TASK DESCRIPTION:
Set down, without alteration, the lines from the one that contains "ZW unfolding has_cycle_def" through the final line of the material below.

──────

text \<open>Root the decomposition tree and process it bottom-up. Call the vertices of the resolving
  set landmarks, and a set of vertices guarded if the distance from every landmark to each of
  its vertices is realised by a shortest path through one of two fixed bags. The induction
  splits \<open>V\<close> into at most \<open>3 k\<close> guarded classes. On a guarded class, a vertex is determined
  by its distances to the two bags (the set is resolving), and the distances from a vertex to
  a bag \<open>B\<close> of diameter at most \<open>\<ell>\<close> take at most \<open>(d + 1) (2 \<ell> + 1)^|B|\<close> values. Hence
  \<open>n \<le> 3 k ((d + 1) (2 \<ell> + 1)^(w+1))^2\<close>, which is at most \<open>12 k d^2 (2 \<ell> + 1)^(3 w + 1)\<close>
  since \<open>d, w \<ge> 1\<close>.\<close>

section \<open>Walks\<close>

lemma walk_Nil [simp]: "\<not> walk V E []"
  by (simp add: walk_def)

lemma walk_single [simp]: "walk V E [a] \<longleftrightarrow> a \<in> V"
  by (simp add: walk_def)

lemma walk_Cons_Cons [simp]:
  "walk V E (a # b # p) \<longleftrightarrow> a \<in> V \<and> E a b \<and> walk V E (b # p)"
  by (auto simp: walk_def nth_Cons split: nat.splits)

lemma walk_Cons_iff:
  "walk V E (a # p) \<longleftrightarrow> a \<in> V \<and> (p = [] \<or> E a (hd p) \<and> walk V E p)"
  by (cases p) auto

lemma walk_appendD1: "walk V E (xs @ ys) \<Longrightarrow> xs \<noteq> [] \<Longrightarrow> walk V E xs"
  by (induction xs) (auto simp: walk_Cons_iff)

lemma walk_appendD2: "walk V E (xs @ ys) \<Longrightarrow> ys \<noteq> [] \<Longrightarrow> walk V E ys"
  by (induction xs) (auto simp: walk_Cons_iff)

lemma walk_join: "walk V E (xs @ [y]) \<Longrightarrow> walk V E (y # zs) \<Longrightarrow> walk V E (xs @ y # zs)"
proof (induction xs)
  case (Cons a xs)
  then show ?case by (cases xs) (auto simp: walk_Cons_iff)
qed simp

lemma walk_rev:
  assumes "\<And>u v. E u v \<Longrightarrow> E v u" and "walk V E p"
  shows "walk V E (rev p)"
  using assms(2)
proof (induction p)
  case (Cons a p)
  show ?case
  proof (cases p)
    case (Cons b q)
    then have "walk V E (rev q @ [b])" "walk V E [b, a]"
      using Cons.IH Cons.prems assms(1) by (auto simp: walk_Cons_iff)
    then show ?thesis using \<open>p = b # q\<close> walk_join[of V E "rev q" b "[a]"] by simp
  qed (use Cons.prems in simp)
qed simp

lemma walk_mono:
  "walk V E p \<Longrightarrow> V \<subseteq> V' \<Longrightarrow> (\<And>a b. E a b \<Longrightarrow> E' a b) \<Longrightarrow> walk V' E' p"
  by (auto simp: walk_def)

lemma walk_to_gpath:
  "walk V E p \<Longrightarrow> \<exists>q. gpath V E q \<and> hd q = hd p \<and> last q = last p"
proof (induction "length p" arbitrary: p rule: less_induct)
  case less
  show ?case
  proof (cases "distinct p")
    case True
    then show ?thesis using less.prems by (auto simp: gpath_def)
  next
    case False
    then obtain xs ys zs y where p: "p = xs @ [y] @ ys @ [y] @ zs"
      using not_distinct_decomp by blast
    have "walk V E (xs @ [y])" "walk V E (y # zs)"
      using less.prems p walk_appendD1[of V E "xs @ [y]"] walk_appendD2[of V E "xs @ [y] @ ys"]
      by auto
    then have "walk V E (xs @ y # zs)" by (rule walk_join)
    moreover have "length (xs @ y # zs) < length p" using p by simp
    ultimately obtain q where "gpath V E q" "hd q = hd (xs @ y # zs)" "last q = last (xs @ y # zs)"
      using less.hyps by blast
    then show ?thesis using p by (cases xs; cases zs) auto
  qed
qed

lemma gpath_appendD2: "gpath V E (xs @ ys) \<Longrightarrow> ys \<noteq> [] \<Longrightarrow> gpath V E ys"
  by (auto simp: gpath_def dest: walk_appendD2)

section \<open>Distances\<close>

lemma gdist_less_length:
  assumes "walk V E p" "hd p = u" "last p = v"
  shows "gdist V E u v < length p"
proof -
  have "length p = Suc (length p - 1)" using assms(1) by (cases p) auto
  then have "gdist V E u v \<le> length p - 1"
    unfolding gdist_def using assms by (intro Least_le) auto
  then show ?thesis using assms(1) by (cases p) auto
qed

lemma shortest_walk:
  assumes "connected_graph V E" "u \<in> V" "v \<in> V"
  obtains p where "walk V E p" "hd p = u" "last p = v" "length p = Suc (gdist V E u v)"
proof -
  obtain p where "walk V E p" "hd p = u" "last p = v"
    using assms unfolding connected_graph_def by blast
  then have "\<exists>n p. walk V E p \<and> hd p = u \<and> last p = v \<and> length p = Suc n"
    by (intro exI[of _ "length p - 1"] exI[of _ p]) (cases p; auto)
  from LeastI_ex[OF this] show ?thesis using that unfolding gdist_def by blast
qed

lemma connected_graph_gpath:
  assumes "connected_graph V E" "x \<in> V" "y \<in> V"
  obtains g where "gpath V E g" "hd g = x" "last g = y"
  using assms walk_to_gpath unfolding connected_graph_def by metis

locale connected_simple_graph =
  fixes V :: "'a set" and E :: "'a \<Rightarrow> 'a \<Rightarrow> bool"
  assumes simple: "simple_graph V E" and connected: "connected_graph V E"
begin

abbreviation D :: "'a \<Rightarrow> 'a \<Rightarrow> nat" where
  "D \<equiv> gdist V E"

lemma finite_V: "finite V"
  using simple by (simp add: simple_graph_def)

lemma edge_sym: "E u v \<Longrightarrow> E v u"
  using simple by (simp add: simple_graph_def)

lemma edge_irrefl: "\<not> E u u"
  using simple by (simp add: simple_graph_def)

lemma gdist_eq_0_imp_eq: "u \<in> V \<Longrightarrow> v \<in> V \<Longrightarrow> D u v = 0 \<Longrightarrow> u = v"
  by (rule shortest_walk[OF connected, of u v]) (auto simp: length_Suc_conv)

lemma edge_exists:
  assumes "u \<in> V" "v \<in> V" "u \<noteq> v"
  obtains a b where "E a b"
proof -
  obtain p where "walk V E p" "hd p = u" "last p = v"
    using connected assms(1,2) unfolding connected_graph_def by blast
  with assms(3) show ?thesis using that by (cases p; cases "tl p") auto
qed

lemma gdist_triangle:
  assumes "u \<in> V" "v \<in> V" "x \<in> V"
  shows "D u x \<le> D u v + D v x"
proof -
  obtain p where p: "walk V E (p @ [v])" "hd (p @ [v]) = u" "length p = D u v"
    using shortest_walk[OF connected assms(1,2)]
    by (metis append_butlast_last_id diff_Suc_1 length_butlast walk_Nil)
  obtain q where q: "walk V E (v # q)" "last (v # q) = x" "length q = D v x"
    using shortest_walk[OF connected assms(2,3)] by (metis hd_Cons_tl length_tl diff_Suc_1 walk_Nil)
  have "walk V E (p @ v # q)" using p(1) q(1) by (rule walk_join)
  moreover have "hd (p @ v # q) = u" "last (p @ v # q) = x"
    using p(2) q(2) by (cases p; simp)+
  ultimately have "D u x < length (p @ v # q)" by (rule gdist_less_length)
  then show ?thesis using p(3) q(3) by simp
qed

lemma gdist_commute:
  assumes "u \<in> V" "v \<in> V"
  shows "D u v = D v u"
proof -
  have "D a b \<le> D b a" if "a \<in> V" "b \<in> V" for a b
  proof (rule shortest_walk[OF connected \<open>b \<in> V\<close> \<open>a \<in> V\<close>])
    fix p assume p: "walk V E p" "hd p = b" "last p = a" "length p = Suc (D b a)"
    have "walk V E (rev p)" using walk_rev[OF _ p(1)] edge_sym by blast
    moreover have "hd (rev p) = a" "last (rev p) = b" using p by (auto simp: hd_rev last_rev)
    ultimately have "D a b < length (rev p)" by (rule gdist_less_length)
    then show ?thesis using p(4) by simp
  qed
  then show ?thesis using assms by (simp add: le_antisym)
qed

definition inner_boundary :: "'a set \<Rightarrow> 'a set" where
  "inner_boundary A = {u \<in> A. \<exists>y. E u y \<and> y \<notin> A}"

lemma walk_meets_boundary:
  assumes "inner_boundary A \<subseteq> S" "walk V E p" "hd p \<in> A" "last p \<notin> A \<or> last p \<in> S"
  shows "\<exists>xs s ys. p = xs @ s # ys \<and> s \<in> S"
  using assms(2-4)
proof (induction p)
  case (Cons a p)
  show ?case
  proof (cases "a \<in> S")
    case True
    then show ?thesis by (intro exI[of _ "[]"]) auto
  next
    case False
    then obtain b q where p: "p = b # q" using Cons.prems by (cases p) auto
    then have "b \<in> A"
      using assms(1) False Cons.prems unfolding inner_boundary_def by auto
    then obtain xs s ys where "p = xs @ s # ys" "s \<in> S"
      using Cons.IH Cons.prems p by auto
    then show ?thesis by (intro exI[of _ "a # xs"]) auto
  qed
qed simp

lemma gdist_split_at_boundary:
  assumes "A \<subseteq> V" "inner_boundary A \<subseteq> S" "a \<in> A" "b \<in> V" "b \<notin> A \<or> b \<in> S"
  shows "\<exists>s\<in>S. D a b = D a s + D s b"
proof -
  have a: "a \<in> V" using assms by auto
  obtain p where p: "walk V E p" "hd p = a" "last p = b" "length p = Suc (D a b)"
    using shortest_walk[OF connected a assms(4)] .
  obtain xs s ys where ps: "p = xs @ s # ys" "s \<in> S"
    using walk_meets_boundary[OF assms(2) p(1)] p assms by auto
  have s: "s \<in> V" using p(1) ps unfolding walk_def by auto
  have "walk V E (xs @ [s])" "walk V E (s # ys)"
    using p(1) ps walk_appendD1[of V E "xs @ [s]" ys] walk_appendD2[of V E xs "s # ys"] by auto
  moreover have "hd (xs @ [s]) = a" "hd (s # ys) = s" "last (xs @ [s]) = s" "last (s # ys) = b"
    using p ps by (cases xs; cases ys; simp)+
  ultimately have "D a s < length (xs @ [s])" "D s b < length (s # ys)"
    by (blast intro: gdist_less_length)+
  then have "D a s + D s b \<le> D a b" using p(4) ps by simp
  with gdist_triangle[OF a s assms(4)] ps(2) show ?thesis by (intro bexI[of _ s]) auto
qed

end

section \<open>Rooted tree decompositions\<close>

text \<open>Rooted subtrees of a tree decomposition are represented by their bag sets alone; the
  side conditions of the rules carry the running intersection property.\<close>

inductive rooted_subtree :: "'a set set \<Rightarrow> 'a set \<Rightarrow> bool" where
  single: "rooted_subtree {r} r"
| add_root: "rooted_subtree M c \<Longrightarrow> r \<notin> M \<Longrightarrow> \<Union>M \<inter> r \<subseteq> c \<Longrightarrow> rooted_subtree (insert r M) r"
| glue: "rooted_subtree N1 r \<Longrightarrow> rooted_subtree N2 r \<Longrightarrow> N1 \<inter> N2 = {r} \<Longrightarrow> \<Union>N1 \<inter> \<Union>N2 \<subseteq> r
    \<Longrightarrow> rooted_subtree (N1 \<union> N2) r"

lemma rooted_subtree_root: "rooted_subtree N r \<Longrightarrow> r \<in> N"
  by (induction rule: rooted_subtree.induct) auto

lemma rooted_subtree_pair: "Z \<noteq> r \<Longrightarrow> rooted_subtree {r, Z} r"
  using rooted_subtree.add_root[OF rooted_subtree.single[of Z], of r] by auto

lemma rooted_subtree_add_leaf:
  "rooted_subtree N r \<Longrightarrow> Y \<in> N \<Longrightarrow> Z \<notin> N \<Longrightarrow> Z \<inter> \<Union>N \<subseteq> Y \<Longrightarrow> rooted_subtree (insert Z N) r"
proof (induction arbitrary: Y rule: rooted_subtree.induct)
  case (single r)
  then show ?case using rooted_subtree_pair[of Z r] by (simp add: insert_commute)
next
  case (add_root M c r)
  show ?case
  proof (cases "Y = r")
    case True
    have "rooted_subtree (insert r M \<union> {r, Z}) r"
      using add_root True by (intro rooted_subtree.glue rooted_subtree.add_root rooted_subtree_pair) auto
    then show ?thesis by (simp add: insert_commute)
  next
    case False
    then have "rooted_subtree (insert Z M) c" using add_root by (intro add_root.IH) auto
    then have "rooted_subtree (insert r (insert Z M)) r"
      using add_root False by (intro rooted_subtree.add_root) auto
    then show ?thesis by (simp add: insert_commute)
  qed
next
  case (glue N1 r N2)
  show ?case
  proof (cases "Y \<in> N1")
    case True
    have "Z \<inter> \<Union>N2 \<subseteq> r" using glue.prems(3) glue.hyps(4) True by blast
    then have "rooted_subtree (insert Z N1 \<union> N2) r"
      using glue.hyps glue.prems True by (intro rooted_subtree.glue glue.IH(1)) auto
    then show ?thesis by simp
  next
    case False
    then have Y2: "Y \<in> N2" using glue.prems(1) by blast
    then have "Z \<inter> \<Union>N1 \<subseteq> r" using glue.prems(3) glue.hyps(4) by blast
    then have "rooted_subtree (N1 \<union> insert Z N2) r"
      using glue.hyps glue.prems Y2 by (intro rooted_subtree.glue glue.IH(2)) auto
    then show ?thesis by simp
  qed
qed

lemma longest_gpath:
  assumes "finite V" "gpath V E p0"
  obtains p where "gpath V E p" "length p0 \<le> length p" "\<And>q. gpath V E q \<Longrightarrow> length q \<le> length p"
proof -
  have bounded: "length q \<le> card V" if "gpath V E q" for q
  proof -
    have "set q \<subseteq> V" "distinct q" using that by (auto simp: gpath_def walk_def)
    then show ?thesis using assms(1) by (metis card_mono distinct_card)
  qed
  obtain m where "\<exists>p. gpath V E p \<and> length p = m" "\<And>m'. \<exists>q. gpath V E q \<and> length q = m' \<Longrightarrow> m' \<le> m"
    using Nat.ex_has_greatest_nat[of "\<lambda>m. \<exists>q. gpath V E q \<and> length q = m" "length p0" "card V"]
      assms(2) bounded by blast
  then show ?thesis using that assms(2) by blast
qed

text \<open>The end of a longest path is a leaf: another neighbour would extend the path or close
  a cycle.\<close>

lemma tree_has_leaf:
  assumes "is_tree N TE" "u \<in> N" "v \<in> N" "u \<noteq> v"
  obtains Z Y where "TE Z Y" "\<And>W. TE Z W \<Longrightarrow> W = Y"
proof -
  have simple: "simple_graph N TE" and acyclic: "\<not> has_cycle N TE"
    and connected: "connected_graph N TE"
    using assms(1) by (auto simp: is_tree_def)
  have sym: "\<And>a b. TE a b \<Longrightarrow> TE b a" and irrefl: "\<And>a. \<not> TE a a" and fin: "finite N"
    and in_N: "\<And>a b. TE a b \<Longrightarrow> b \<in> N"
    using simple by (auto simp: simple_graph_def)
  obtain p0 where p0: "gpath N TE p0" "hd p0 = u" "last p0 = v"
    using connected_graph_gpath[OF connected assms(2,3)] .
  then have "length p0 \<ge> 2" using assms(4) by (cases p0; cases "tl p0") (auto simp: gpath_def)
  obtain p where p: "gpath N TE p" "length p0 \<le> length p"
    and longest: "\<And>q. gpath N TE q \<Longrightarrow> length q \<le> length p"
    using longest_gpath[OF fin p0(1)] by blast
  then obtain Z Y rq where "rev p = Z # Y # rq" using \<open>length p0 \<ge> 2\<close>
    by (cases "rev p"; cases "tl (rev p)") auto
  then obtain q where pq: "p = q @ [Y, Z]" by (metis append.assoc append_Cons append_Nil rev.simps rev_rev_ident)
  have YZ: "TE Y Z" using p(1) pq walk_appendD2[of N TE q "[Y, Z]"] by (simp add: gpath_def)
  show ?thesis
  proof
    show "TE Z Y" using YZ sym by blast
    fix W assume ZW: "TE Z W"
    show "W = Y"
    proof (rule ccontr)
      assume "W \<noteq> Y"
      moreover have "W \<noteq> Z" using ZW irrefl by auto
      ultimately consider "W \<notin> set p" | q1 q2 where "q = q1 @ W # q2"
        using pq by (auto dest: split_list)
      then show False
      proof cases
        case 1
        have "walk N TE ((q @ [Y]) @ [Z])" "walk N TE [Z, W]"
          using p(1) pq ZW in_N[OF ZW] in_N[OF YZ] by (auto simp: gpath_def)
        then have "walk N TE ((q @ [Y]) @ Z # [W])" by (rule walk_join)
        then have "gpath N TE (p @ [W])" using 1 p(1) pq by (auto simp: gpath_def)
        then show False using longest by fastforce
      next
        case 2
        then have "gpath N TE (W # q2 @ [Y, Z])" using p(1) pq gpath_appendD2[of N TE q1] by auto
        then have "has_cycle N TE" using ZW unfolding has_cycle_def
          by (intro exI[of _ "W # q2 @ [Y, Z]"]) auto
        then show False using acyclic by simp
      qed
    qed
  qed
qed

──────

EXERCISE OUTPUT:
        then have "has_cycle N TE" using ZW unfolding has_cycle_def
          by (intro exI[of _ "W # q2 @ [Y, Z]"]) auto
        then show False using acyclic by simp
      qed
    qed
  qed
qed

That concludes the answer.